— What you have to do —
What lines below include the string "moreover"? Pick them out and copy them.

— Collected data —
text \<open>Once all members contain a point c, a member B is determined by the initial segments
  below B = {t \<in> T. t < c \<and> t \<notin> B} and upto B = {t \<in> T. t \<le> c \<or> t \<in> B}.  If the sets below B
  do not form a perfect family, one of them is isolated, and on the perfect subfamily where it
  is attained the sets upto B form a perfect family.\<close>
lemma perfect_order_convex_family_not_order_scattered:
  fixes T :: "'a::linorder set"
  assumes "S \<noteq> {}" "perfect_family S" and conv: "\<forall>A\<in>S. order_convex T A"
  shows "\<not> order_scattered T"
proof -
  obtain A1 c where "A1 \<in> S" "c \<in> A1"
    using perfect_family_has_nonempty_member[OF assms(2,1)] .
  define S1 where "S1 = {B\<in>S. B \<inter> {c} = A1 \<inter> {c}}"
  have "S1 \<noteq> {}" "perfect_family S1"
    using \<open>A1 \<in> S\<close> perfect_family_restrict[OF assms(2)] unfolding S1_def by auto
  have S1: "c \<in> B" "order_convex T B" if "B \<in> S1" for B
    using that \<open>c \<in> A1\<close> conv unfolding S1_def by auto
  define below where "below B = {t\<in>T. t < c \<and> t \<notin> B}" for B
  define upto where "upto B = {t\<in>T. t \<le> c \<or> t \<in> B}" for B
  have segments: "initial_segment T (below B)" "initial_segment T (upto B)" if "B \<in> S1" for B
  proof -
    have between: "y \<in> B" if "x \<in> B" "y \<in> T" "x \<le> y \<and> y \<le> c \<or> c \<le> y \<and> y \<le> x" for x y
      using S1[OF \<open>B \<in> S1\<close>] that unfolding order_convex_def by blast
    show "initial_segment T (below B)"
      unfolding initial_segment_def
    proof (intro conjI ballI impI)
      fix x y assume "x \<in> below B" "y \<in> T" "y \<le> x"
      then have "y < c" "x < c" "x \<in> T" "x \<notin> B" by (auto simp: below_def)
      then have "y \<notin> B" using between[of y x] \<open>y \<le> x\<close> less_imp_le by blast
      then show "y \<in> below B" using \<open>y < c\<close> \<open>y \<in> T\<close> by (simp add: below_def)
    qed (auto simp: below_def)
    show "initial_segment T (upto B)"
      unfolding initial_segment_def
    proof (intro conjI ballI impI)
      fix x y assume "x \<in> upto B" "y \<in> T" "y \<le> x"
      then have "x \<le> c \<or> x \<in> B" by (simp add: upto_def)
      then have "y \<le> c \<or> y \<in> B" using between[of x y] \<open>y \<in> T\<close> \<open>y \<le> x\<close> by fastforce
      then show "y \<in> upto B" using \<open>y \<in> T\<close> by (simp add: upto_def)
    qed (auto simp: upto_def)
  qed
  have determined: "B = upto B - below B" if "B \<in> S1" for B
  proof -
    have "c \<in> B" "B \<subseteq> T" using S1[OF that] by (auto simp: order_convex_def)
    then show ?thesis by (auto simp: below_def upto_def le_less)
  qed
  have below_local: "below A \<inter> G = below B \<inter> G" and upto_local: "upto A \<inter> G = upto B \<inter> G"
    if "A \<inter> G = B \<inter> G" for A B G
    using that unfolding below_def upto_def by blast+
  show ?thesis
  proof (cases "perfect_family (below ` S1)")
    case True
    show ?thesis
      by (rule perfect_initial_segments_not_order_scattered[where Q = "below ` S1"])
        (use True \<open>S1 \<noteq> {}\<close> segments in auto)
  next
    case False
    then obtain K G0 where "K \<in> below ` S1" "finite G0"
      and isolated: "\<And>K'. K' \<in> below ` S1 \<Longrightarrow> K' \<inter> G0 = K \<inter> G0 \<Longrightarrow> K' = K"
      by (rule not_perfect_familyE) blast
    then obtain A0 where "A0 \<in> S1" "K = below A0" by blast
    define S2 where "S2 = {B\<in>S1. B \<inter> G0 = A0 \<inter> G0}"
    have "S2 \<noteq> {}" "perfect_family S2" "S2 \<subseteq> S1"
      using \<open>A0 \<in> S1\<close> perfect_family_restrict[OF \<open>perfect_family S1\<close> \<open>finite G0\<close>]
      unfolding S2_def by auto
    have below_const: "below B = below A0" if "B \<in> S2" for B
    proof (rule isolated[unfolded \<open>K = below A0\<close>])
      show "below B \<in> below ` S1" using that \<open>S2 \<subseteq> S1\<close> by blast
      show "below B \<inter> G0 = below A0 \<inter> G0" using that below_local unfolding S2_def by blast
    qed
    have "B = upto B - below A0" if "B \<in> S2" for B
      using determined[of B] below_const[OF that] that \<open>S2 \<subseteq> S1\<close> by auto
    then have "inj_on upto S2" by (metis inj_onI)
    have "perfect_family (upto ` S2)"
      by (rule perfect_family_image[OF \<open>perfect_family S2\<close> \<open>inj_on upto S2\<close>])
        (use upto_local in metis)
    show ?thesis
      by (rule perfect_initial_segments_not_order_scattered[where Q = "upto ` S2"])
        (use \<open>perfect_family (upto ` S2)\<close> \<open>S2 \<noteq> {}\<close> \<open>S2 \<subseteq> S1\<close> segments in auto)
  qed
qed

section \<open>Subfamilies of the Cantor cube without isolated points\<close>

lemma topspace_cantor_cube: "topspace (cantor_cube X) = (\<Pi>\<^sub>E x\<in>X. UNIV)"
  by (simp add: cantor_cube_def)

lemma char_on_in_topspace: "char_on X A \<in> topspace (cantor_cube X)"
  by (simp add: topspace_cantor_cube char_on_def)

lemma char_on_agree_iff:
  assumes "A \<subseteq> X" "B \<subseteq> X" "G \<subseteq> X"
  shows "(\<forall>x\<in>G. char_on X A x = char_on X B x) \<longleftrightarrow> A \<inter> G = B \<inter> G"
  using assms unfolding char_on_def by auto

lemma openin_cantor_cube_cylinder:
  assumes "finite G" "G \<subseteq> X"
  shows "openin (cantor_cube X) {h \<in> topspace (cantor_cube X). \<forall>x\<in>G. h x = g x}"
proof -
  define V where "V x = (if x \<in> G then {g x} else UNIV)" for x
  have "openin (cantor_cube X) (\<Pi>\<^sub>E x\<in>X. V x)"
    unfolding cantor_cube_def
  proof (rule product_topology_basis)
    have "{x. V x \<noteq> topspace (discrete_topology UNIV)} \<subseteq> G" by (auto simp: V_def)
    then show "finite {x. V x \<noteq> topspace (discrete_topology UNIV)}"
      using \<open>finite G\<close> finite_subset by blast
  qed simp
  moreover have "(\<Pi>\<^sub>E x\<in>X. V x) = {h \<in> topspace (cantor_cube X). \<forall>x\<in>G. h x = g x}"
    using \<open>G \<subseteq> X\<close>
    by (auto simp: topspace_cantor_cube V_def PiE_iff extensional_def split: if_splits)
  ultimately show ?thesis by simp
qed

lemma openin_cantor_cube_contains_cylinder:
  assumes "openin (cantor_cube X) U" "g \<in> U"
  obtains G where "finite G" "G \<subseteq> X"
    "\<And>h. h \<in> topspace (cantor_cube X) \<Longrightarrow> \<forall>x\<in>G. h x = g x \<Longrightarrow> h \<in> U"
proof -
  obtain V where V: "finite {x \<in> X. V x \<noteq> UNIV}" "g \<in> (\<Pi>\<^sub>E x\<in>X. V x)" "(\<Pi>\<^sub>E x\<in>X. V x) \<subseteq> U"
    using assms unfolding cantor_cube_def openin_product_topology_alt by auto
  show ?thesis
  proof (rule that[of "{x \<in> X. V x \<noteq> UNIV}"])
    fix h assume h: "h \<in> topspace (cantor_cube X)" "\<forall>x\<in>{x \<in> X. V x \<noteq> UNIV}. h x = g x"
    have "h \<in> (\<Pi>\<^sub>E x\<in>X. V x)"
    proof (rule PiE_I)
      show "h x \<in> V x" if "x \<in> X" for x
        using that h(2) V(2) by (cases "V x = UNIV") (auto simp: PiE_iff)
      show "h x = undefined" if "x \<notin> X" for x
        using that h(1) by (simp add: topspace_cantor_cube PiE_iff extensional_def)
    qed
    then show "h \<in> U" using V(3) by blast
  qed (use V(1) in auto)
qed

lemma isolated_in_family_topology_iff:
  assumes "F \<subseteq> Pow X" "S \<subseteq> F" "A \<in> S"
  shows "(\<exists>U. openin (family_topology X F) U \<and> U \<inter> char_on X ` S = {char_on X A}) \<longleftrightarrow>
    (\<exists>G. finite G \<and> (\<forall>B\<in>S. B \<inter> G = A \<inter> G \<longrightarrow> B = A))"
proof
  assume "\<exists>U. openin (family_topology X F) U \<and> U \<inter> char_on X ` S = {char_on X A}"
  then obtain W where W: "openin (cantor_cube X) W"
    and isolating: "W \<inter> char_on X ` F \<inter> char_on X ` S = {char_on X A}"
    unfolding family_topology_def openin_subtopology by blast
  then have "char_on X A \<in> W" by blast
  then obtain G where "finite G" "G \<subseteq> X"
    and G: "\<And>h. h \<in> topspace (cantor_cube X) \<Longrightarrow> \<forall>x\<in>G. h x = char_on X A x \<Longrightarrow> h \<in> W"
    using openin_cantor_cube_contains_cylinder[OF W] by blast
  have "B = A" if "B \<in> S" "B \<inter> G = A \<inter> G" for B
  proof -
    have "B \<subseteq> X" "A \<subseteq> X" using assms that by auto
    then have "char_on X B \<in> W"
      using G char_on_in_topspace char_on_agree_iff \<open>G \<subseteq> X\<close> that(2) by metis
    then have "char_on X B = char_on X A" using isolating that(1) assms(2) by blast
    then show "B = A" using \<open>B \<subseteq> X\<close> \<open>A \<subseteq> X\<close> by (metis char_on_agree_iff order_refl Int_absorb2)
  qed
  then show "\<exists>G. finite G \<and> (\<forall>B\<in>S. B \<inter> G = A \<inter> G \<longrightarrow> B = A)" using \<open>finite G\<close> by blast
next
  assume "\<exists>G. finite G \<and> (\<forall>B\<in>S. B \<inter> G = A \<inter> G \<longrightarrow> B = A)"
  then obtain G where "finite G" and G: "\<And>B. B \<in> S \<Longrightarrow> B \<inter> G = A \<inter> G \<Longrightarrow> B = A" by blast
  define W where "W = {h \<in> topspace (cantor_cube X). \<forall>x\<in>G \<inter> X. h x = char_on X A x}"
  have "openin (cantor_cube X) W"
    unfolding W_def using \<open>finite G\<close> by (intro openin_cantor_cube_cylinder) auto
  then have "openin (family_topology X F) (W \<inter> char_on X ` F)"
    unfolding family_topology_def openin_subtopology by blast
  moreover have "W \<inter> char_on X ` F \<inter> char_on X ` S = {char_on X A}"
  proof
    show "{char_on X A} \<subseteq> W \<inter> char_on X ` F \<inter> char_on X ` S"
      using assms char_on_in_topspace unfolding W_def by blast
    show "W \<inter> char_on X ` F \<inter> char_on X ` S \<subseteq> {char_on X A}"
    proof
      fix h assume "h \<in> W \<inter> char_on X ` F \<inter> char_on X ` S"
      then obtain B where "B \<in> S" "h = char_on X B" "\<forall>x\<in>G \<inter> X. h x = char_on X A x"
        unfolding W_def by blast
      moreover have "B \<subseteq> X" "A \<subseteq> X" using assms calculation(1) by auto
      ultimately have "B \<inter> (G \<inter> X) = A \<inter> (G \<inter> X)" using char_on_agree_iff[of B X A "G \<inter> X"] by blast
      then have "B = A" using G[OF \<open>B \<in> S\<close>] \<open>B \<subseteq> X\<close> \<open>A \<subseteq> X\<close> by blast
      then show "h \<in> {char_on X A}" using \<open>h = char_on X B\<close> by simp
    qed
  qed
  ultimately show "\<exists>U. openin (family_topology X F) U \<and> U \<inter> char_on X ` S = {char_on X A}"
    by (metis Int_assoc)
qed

— Exercise output —
  moreover have "(\<Pi>\<^sub>E x\<in>X. V x) = {h \<in> topspace (cantor_cube X). \<forall>x\<in>G. h x = g x}"
  moreover have "W \<inter> char_on X ` F \<inter> char_on X ` S = {char_on X A}"
      moreover have "B \<subseteq> X" "A \<subseteq> X" using assms calculation(1) by auto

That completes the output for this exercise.